An alliance made in hell.
It is hell. As evidenced by the low self-image, depression, and a lack of fulfillment; society has reacted negatively to this cycle.
Nevertheless, advocates still attempt to reform our perceptions of what is beautiful and what it means to be so. Feminists of various stripes and colors have had their way with beauty standards. The body-positivity movement is a well-known example of this. However, the movement has already been co-opted by corporate interests. This is the conundrum faced by beauty reform activists: push for change in a consumer based culture, and you end up having companies like Dove take advantage of women, again.
It is not so much corporate interests co-opting the movement, but the beauty status quo itself. Think about every body-positive campaign you have seen. What is the common denominator? They are all models. They are all beautiful according to society’s standards. Amanda Mull sums it up nicely at Racked:
“An alarming percentage of the public conversation about which bodies our culture values or rejects pivots around models, actresses, and other professionally beautiful people reassuring what they seem to believe is a dubious public that they are, in fact, super hot.”
These conversations are happening with people society has accepted as objectively beautiful. The irony of pop-culture’s discussion of beauty is how beautiful and perfect it is visualized. Crisp and trendy Instagram accounts, ads, and movies. We are not revolutionizing beauty standards. We are merely enlarging the consumer base. Now we can sell soap and trendy dresses to plus size women. Progress!

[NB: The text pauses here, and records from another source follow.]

lemma ex_log_ratio_eq:
  assumes "1 < y"
  shows "\<exists>x>0. log_ratio x = y"
proof -
  define a where "a = y - 1"
  define b where "b = exp y"
  have "0 < a" using assms by (simp add: a_def)
  have "log_ratio a \<le> (1 + 1 / a) * a"
    unfolding log_ratio_def using \<open>0 < a\<close> ln_add_one_self_le_self[of a]
    by (intro mult_left_mono) auto
  also have "\<dots> = y" using \<open>0 < a\<close> by (simp add: a_def field_simps)
  finally have "log_ratio a \<le> y" .
  have "0 < b" by (simp add: b_def)
  have "y = ln b" by (simp add: b_def)
  also have "\<dots> \<le> ln (1 + b)" using \<open>0 < b\<close> by simp
  also have "\<dots> \<le> log_ratio b" unfolding log_ratio_def by (simp add: b_def algebra_simps)
  finally have "y \<le> log_ratio b" .
  have "a \<le> b"
    unfolding a_def b_def using exp_ge_add_one_self[of y] by linarith
  moreover have "continuous_on {a..b} log_ratio"
    using continuous_on_log_ratio by (rule continuous_on_subset) (use \<open>0 < a\<close> in auto)
  ultimately obtain x where "a \<le> x" "log_ratio x = y"
    using IVT'[of log_ratio a y b] \<open>log_ratio a \<le> y\<close> \<open>y \<le> log_ratio b\<close> by auto
  with \<open>0 < a\<close> show ?thesis by (intro exI[of _ x]) auto
qed

definition ln_div_powr :: "real \<Rightarrow> real \<Rightarrow> real" where
  "ln_div_powr d x = ln (1 + x) / x powr d"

Some movements try to create a healthy balance between the beauty industry and real beauty. Makeup, jewelry, and trendy clothes are a part of how we personalize ourselves. They are an extension of us. As healthy as this balance may seem it still upholds rigid societal beauty standards. We are judged by our physical outlook. With or without makeup, you are still being judged by how you look against cultural beauty standards. Makeup-no-makeup comparisons strengthen rigid beauty standards. They play the game, changing the rules ever so slightly. To posit a plain version of you up against a “beautified” version without any seriouscultural criticism or alternative mindset is dangerous. It fails to address the inherent oppression of dominant notions of beauty, generally white, thin, and euro-amerikan. Why are we posting makeup-no-makeup comparisons? The influencers would have you believe it’s some basic “love yourself regardless of how you look,” but we all know that’s a thin lie. Film, ads, social media, and our own interpersonal relations promote and reinforce female beauty as purity. And perfection is an endless race from which we never escape.
Enjoying a well-groomed and stylized self is not bad in itself. It is the perceptions and standards behind it that dictate how healthy it is. It’s a specific corporate dominated model, based on patriarchal white euro-amerikan standards that is oppressive.

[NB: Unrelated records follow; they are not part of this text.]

text \<open>Odd ear decomposition (E1)-(E4); the list index is 0-based, so Hs!0 is H_1.\<close>
definition odd_ear_decomposition :: "'a graph \<Rightarrow> 'a graph list \<Rightarrow> bool" where
  "odd_ear_decomposition G Hs \<longleftrightarrow>
     Hs \<noteq> [] \<and>
     (\<forall>i<length Hs. subgraph (Hs ! i) G) \<and>
     (\<forall>i<length Hs. \<forall>j<length Hs. i \<noteq> j \<longrightarrow> edges (Hs ! i) \<inter> edges (Hs ! j) = {}) \<and>
     verts G = (\<Union>i<length Hs. verts (Hs ! i)) \<and>
     (\<forall>i<length Hs. odd (card (edges (Hs ! i))) \<and> card (edges (Hs ! i)) \<ge> 3) \<and>
     is_cycle (Hs ! 0) \<and>
     (\<forall>i. 1 \<le> i \<and> i < length Hs \<longrightarrow>
        (\<exists>xs. is_path_on (Hs ! i) xs \<and> verts (Hs ! i) \<inter> prev_verts Hs i = {hd xs, last xs}) \<or>
        (is_cycle (Hs ! i) \<and> card (verts (Hs ! i) \<inter> prev_verts Hs i) = 1))"

text \<open>Sequence of vertex counts, compared in the standard lexicographic (dictionary) order
  on lists (a proper prefix is smaller).\<close>
definition vert_seq :: "'a graph list \<Rightarrow> nat list" where
  "vert_seq Hs = map (\<lambda>H. card (verts H)) Hs"

definition lex_max_oed :: "'a graph \<Rightarrow> 'a graph list \<Rightarrow> bool" where
  "lex_max_oed G Hs \<longleftrightarrow> odd_ear_decomposition G Hs \<and>
     (\<forall>Ks. odd_ear_decomposition G Ks \<longrightarrow>
        (vert_seq Hs, vert_seq Ks) \<notin> lexord {(a, b). a < b})"

end

theory Submission
  imports Defs
begin

text \<open>The key fact is that if \<open>H\<^sub>1, ..., H\<^sub>k\<close> is an odd ear decomposition of its
  union and \<open>P\<close> is an odd ear attached to that union, then the union together with \<open>P\<close> has an odd
  ear decomposition on the same vertices, using only its edges, whose first cycle contains \<open>P\<close>.
  This is proved by induction on \<open>k\<close>, simultaneously with the analogous statement for a single
  vertex instead of \<open>P\<close>; the induction step distinguishes where the ends of \<open>P\<close> lie with respect
  to \<open>H\<^sub>k\<close> and uses that a path joining two vertices of an odd cycle forms a new odd cycle with
  one of the two arcs between them, the other arc becoming an ear. Applied to \<open>P = H\<^sub>i\<close>, and
  keeping the later ears, this gives an odd ear decomposition of \<open>G\<close> whose first cycle has more
  than \<open>|V(Q(i))|\<close> vertices, so lexicographic maximality forces \<open>|V(Q(i))| < 2l + 1\<close>.\<close>

section \<open>Vertex sequences as walks\<close>

definition walk_edges :: "'a list \<Rightarrow> 'a set set" where
  "walk_edges xs = {{xs ! i, xs ! Suc i} | i. Suc i < length xs}"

To be unaware of the cultural perceptions and values that have permeated your perspective is to work without results. Advising women to take care of themselves by engaging in emotionally satisfying but substantively flat activities — like finding complementing makeup, or cozying up with a latte and a journal — is to whitewash the problem. You cannot find truth, or anything of substantial value in aesthetic activities designed to smooth over the rough edges of patriarchal domination. Liberation and real substantial societal change will not come from copying the lifestyles of serine Instagram posts.

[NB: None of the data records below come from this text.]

(* Let $f:[0,1)\to\mathbb{R}$ be a function such that for every positive integer $n$, every real $t\in[0,n)$ and every $p\in[0,1]$, \[ \mathbb{E}\big[\exp(t\cdot V_{n,2,(p,1-p)})\big]\leq f(t/n). \] Let $k\geq 2$ be an integer, $n$ a positive integer, and $P=(p_1,\dots,p_k)$ a probability distribution on a set of size $k$. Then for all $0\leq t<n$, \[ \mathbb{E}\big[\exp(t\cdot V_{n,k,P})\big]\leq f(t/n)^{k-1}. \]
   Context: For a positive integer $n$, an integer $k\geq 2$ and a probability distribution $P=(p_1,\dots,p_k)$ on $\{1,\dots,k\}$, let $X=(X_1,\dots,X_k)$ be multinomially distributed with $n$ samples and probabilities $P$, and define $V_{n,k,P}=D\big((X_1/n,\dots,X_k/n)\,\|\,(p_1,\dots,p_k)\big)$, where $D\big((q_i)_i\,\|\,(p_i)_i\big)=\sum_i q_i\log\frac{q_i}{p_i}$ is the Kullback--Leibler divergence (natural logarithm, convention $0\log(0/p)=0$). In particular $V_{n,2,(p,1-p)}=D\big((B/n,1-B/n)\,\|\,(p,1-p)\big)$ with $B\sim\mathrm{Binom}(n,p)$. *)

theory Defs
  imports "HOL-Probability.Probability"
begin

definition KL :: "nat \<Rightarrow> (nat \<Rightarrow> real) \<Rightarrow> (nat \<Rightarrow> real) \<Rightarrow> real" where
  "KL k q p = (\<Sum>i<k. if q i = 0 then 0 else q i * ln (q i / p i))"

definition count_vectors :: "nat \<Rightarrow> nat \<Rightarrow> (nat \<Rightarrow> nat) set" where
  "count_vectors n k = {x \<in> {..<k} \<rightarrow>\<^sub>E {..n}. (\<Sum>i<k. x i) = n}"

definition multinomial_expectation ::
  "nat \<Rightarrow> nat \<Rightarrow> (nat \<Rightarrow> real) \<Rightarrow> ((nat \<Rightarrow> nat) \<Rightarrow> real) \<Rightarrow> real" where
  "multinomial_expectation n k p g =
     (\<Sum>x\<in>count_vectors n k.
        (fact n / (\<Prod>i<k. fact (x i))) * (\<Prod>i<k. p i ^ x i) * g x)"

definition V_multi :: "nat \<Rightarrow> nat \<Rightarrow> (nat \<Rightarrow> real) \<Rightarrow> (nat \<Rightarrow> nat) \<Rightarrow> real" where
  "V_multi n k p x = KL k (\<lambda>i. real (x i) / real n) p"

definition V_binom :: "nat \<Rightarrow> real \<Rightarrow> nat \<Rightarrow> real" where
  "V_binom n p b = KL 2 (\<lambda>i. if i = 0 then real b / real n else 1 - real b / real n)
                        (\<lambda>i. if i = 0 then p else 1 - p)"

end

theory Submission
  imports Defs
begin

text \<open>Chain rule for the divergence: splitting off the last category, a count vector x of
  n samples is a binomial count b = x k together with a count vector y of the remaining
  n - b samples, multinomial with the renormalised probabilities P i / (1 - P k), and
  n V(x) = n V_binom(b) + (n - b) V(y). Hence the moment generating function at
  parameter n c factorises as a binomial expectation of exp (n c V_binom) times the
  same quantity for k categories at parameter (n - b) c, with the same ratio c < 1.
  Induction on k then gives the bound f(c)^(k-1); the base of the induction uses
  f(c) \<ge> 1, which is the hypothesis at p = 0.\<close>

lemma finite_count_vectors: "finite (count_vectors n k)"
proof -
  have "count_vectors n k \<subseteq> {..<k} \<rightarrow>\<^sub>E {..n}" unfolding count_vectors_def by auto
  thus ?thesis by (rule finite_subset) (simp add: finite_PiE)
qed

lemma count_vectors_0: "count_vectors 0 k = {\<lambda>i\<in>{..<k}. 0}"
  unfolding count_vectors_def by (auto simp: PiE_def extensional_def fun_eq_iff)

lemma count_vectors_1: "count_vectors n (Suc 0) = {\<lambda>i\<in>{..<Suc 0}. n}"
  unfolding count_vectors_def by (auto simp: PiE_def extensional_def fun_eq_iff)

lemma bij_betw_count_vectors_Suc:
  "bij_betw (\<lambda>(b, y). y(k := b)) (SIGMA b:{..n}. count_vectors (n - b) k)
     (count_vectors n (Suc k))"
proof (rule bij_betw_byWitness[where f' = "\<lambda>x. (x k, x(k := undefined))"])
  have sum_upd: "(\<Sum>i<k. (x(k := a)) i) = (\<Sum>i<k. x i)" for x :: "nat \<Rightarrow> nat" and a
    by (rule sum.cong) auto
  show "(\<lambda>(b, y). y(k := b)) ` (SIGMA b:{..n}. count_vectors (n - b) k) \<subseteq> count_vectors n (Suc k)"
    by (auto simp: count_vectors_def PiE_def extensional_def Pi_def sum_upd less_Suc_eq)
  show "(\<lambda>x. (x k, x(k := undefined))) ` count_vectors n (Suc k)
          \<subseteq> (SIGMA b:{..n}. count_vectors (n - b) k)"
    by (auto simp: count_vectors_def PiE_def extensional_def Pi_def sum_upd intro: member_le_sum)
qed (auto simp: count_vectors_def PiE_def extensional_def fun_eq_iff)

lemma expectation_binomial_pmf:
  assumes "0 \<le> p" "p \<le> 1"
  shows "measure_pmf.expectation (binomial_pmf n p) g = (\<Sum>b\<le>n. pmf (binomial_pmf n p) b * g b)"
proof -
  have "measure_pmf.expectation (binomial_pmf n p) g = (\<Sum>b\<le>n. g b * pmf (binomial_pmf n p) b)"
    by (rule integral_measure_pmf_real) (use assms in \<open>auto simp: set_pmf_binomial_eq split: if_splits\<close>)
  thus ?thesis by (simp add: mult.commute)
qed

lemma expectation_exp_V_binom_0:
  "measure_pmf.expectation (binomial_pmf n 0) (\<lambda>b. exp (s * V_binom n 0 b)) = 1"
proof -
  have "measure_pmf.expectation (binomial_pmf n 0) (\<lambda>b. exp (s * V_binom n 0 b))
     = (\<Sum>b\<in>{0}. exp (s * V_binom n 0 b) * pmf (binomial_pmf n 0) b)"
    by (rule integral_measure_pmf_real) auto
  also have "\<dots> = 1" by (simp add: V_binom_def KL_def numeral_2_eq_2)
  finally show ?thesis .
qed

definition multinomial_weight :: "nat \<Rightarrow> nat \<Rightarrow> (nat \<Rightarrow> real) \<Rightarrow> (nat \<Rightarrow> nat) \<Rightarrow> real" where
  "multinomial_weight n k p x = fact n / (\<Prod>i<k. fact (x i)) * (\<Prod>i<k. p i ^ x i)"

lemma multinomial_expectation_eq:
  "multinomial_expectation n k p g = (\<Sum>x\<in>count_vectors n k. multinomial_weight n k p x * g x)"
  unfolding multinomial_expectation_def multinomial_weight_def by simp

lemma multinomial_weight_Suc:
  assumes b: "b \<le> n" and y: "y \<in> count_vectors (n - b) k"
    and scale: "\<And>i. i < k \<Longrightarrow> P i = q * P' i"
  shows "multinomial_weight n (Suc k) P (y(k := b))
       = real (n choose b) * P k ^ b * q ^ (n - b) * multinomial_weight (n - b) k P' y"
proof -
  have sum_y: "(\<Sum>i<k. y i) = n - b" using y unfolding count_vectors_def by auto
  have "(\<Prod>i<k. P i ^ y i) = (\<Prod>i<k. q ^ y i * P' i ^ y i)"
    using scale by (intro prod.cong) (auto simp: power_mult_distrib)
  also have "\<dots> = q ^ (n - b) * (\<Prod>i<k. P' i ^ y i)"
    by (simp add: prod.distrib power_sum[symmetric] sum_y)
  finally have prod_P: "(\<Prod>i<k. P i ^ y i) = q ^ (n - b) * (\<Prod>i<k. P' i ^ y i)" .
  have "(\<Prod>i<k. fact (y i)) \<noteq> (0::real)" by simp
  thus ?thesis
    unfolding multinomial_weight_def binomial_fact[OF b]
    by (simp add: prod.lessThan_Suc prod_P field_simps)
qed

lemma renormalise_last:
  fixes P :: "nat \<Rightarrow> real"
  assumes nonneg: "\<And>i. i < Suc k \<Longrightarrow> 0 \<le> P i" and sum: "(\<Sum>i<Suc k. P i) = 1" and "i < k"
  shows "P i = (1 - P k) * (P i / (1 - P k))"
proof (cases "P k = 1")
  case True
  then have "(\<Sum>i<k. P i) = 0" using sum by simp
  then have "P i = 0" using nonneg \<open>i < k\<close> by (subst (asm) sum_nonneg_eq_0_iff) auto
  thus ?thesis by simp
qed simp

lemma renormalise_last_distribution:
  fixes P :: "nat \<Rightarrow> real"
  assumes nonneg: "\<And>i. i < Suc k \<Longrightarrow> 0 \<le> P i" and sum: "(\<Sum>i<Suc k. P i) = 1" and "P k < 1"
  shows "\<And>i. i < k \<Longrightarrow> 0 \<le> P i / (1 - P k)" and "(\<Sum>i<k. P i / (1 - P k)) = 1"
proof -
  show "\<And>i. i < k \<Longrightarrow> 0 \<le> P i / (1 - P k)" using nonneg \<open>P k < 1\<close> by simp
  have "(\<Sum>i<k. P i) = 1 - P k" using sum by simp
  thus "(\<Sum>i<k. P i / (1 - P k)) = 1" using \<open>P k < 1\<close> by (simp add: sum_divide_distrib[symmetric])
qed

definition kl_summand :: "real \<Rightarrow> real \<Rightarrow> real \<Rightarrow> real" where
  "kl_summand a N q = (if a = 0 then 0 else a * ln (a / N / q))"

lemma KL_scaled:
  assumes "0 < N"
  shows "N * KL k (\<lambda>i. a i / N) p = (\<Sum>i<k. kl_summand (a i) N (p i))"
  unfolding KL_def sum_distrib_left kl_summand_def by (rule sum.cong) (use assms in auto)

lemma V_multi_scaled:
  assumes "0 < n"
  shows "real n * V_multi n k P x = (\<Sum>i<k. kl_summand (real (x i)) (real n) (P i))"
  unfolding V_multi_def using assms by (intro KL_scaled) auto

A beautiful website, photography, typography, and event dinners will not heal the wound. Positioning materialism — personal style, household goods, and food — as part of this package of your own beauty is to buy into the consumerist lie. Companies make money off you believing that this or that is necessary to make you feel or look beautiful.
Convincing women they are uniquely beautiful (but only within the same-old white patriarchal terms), harping on the subject night and day; it reinforces the cultural viewpoint that women must be beautiful and feel beautiful, 24/7. Your style is (has to be) beautiful; let’s not forget your style is not neutral or free of harmful cultural influences and biased perceptions. Your hardships — have to be, in a sick Stockholm syndrome way, beautiful. Your story — has to be beautiful. Smile all the time.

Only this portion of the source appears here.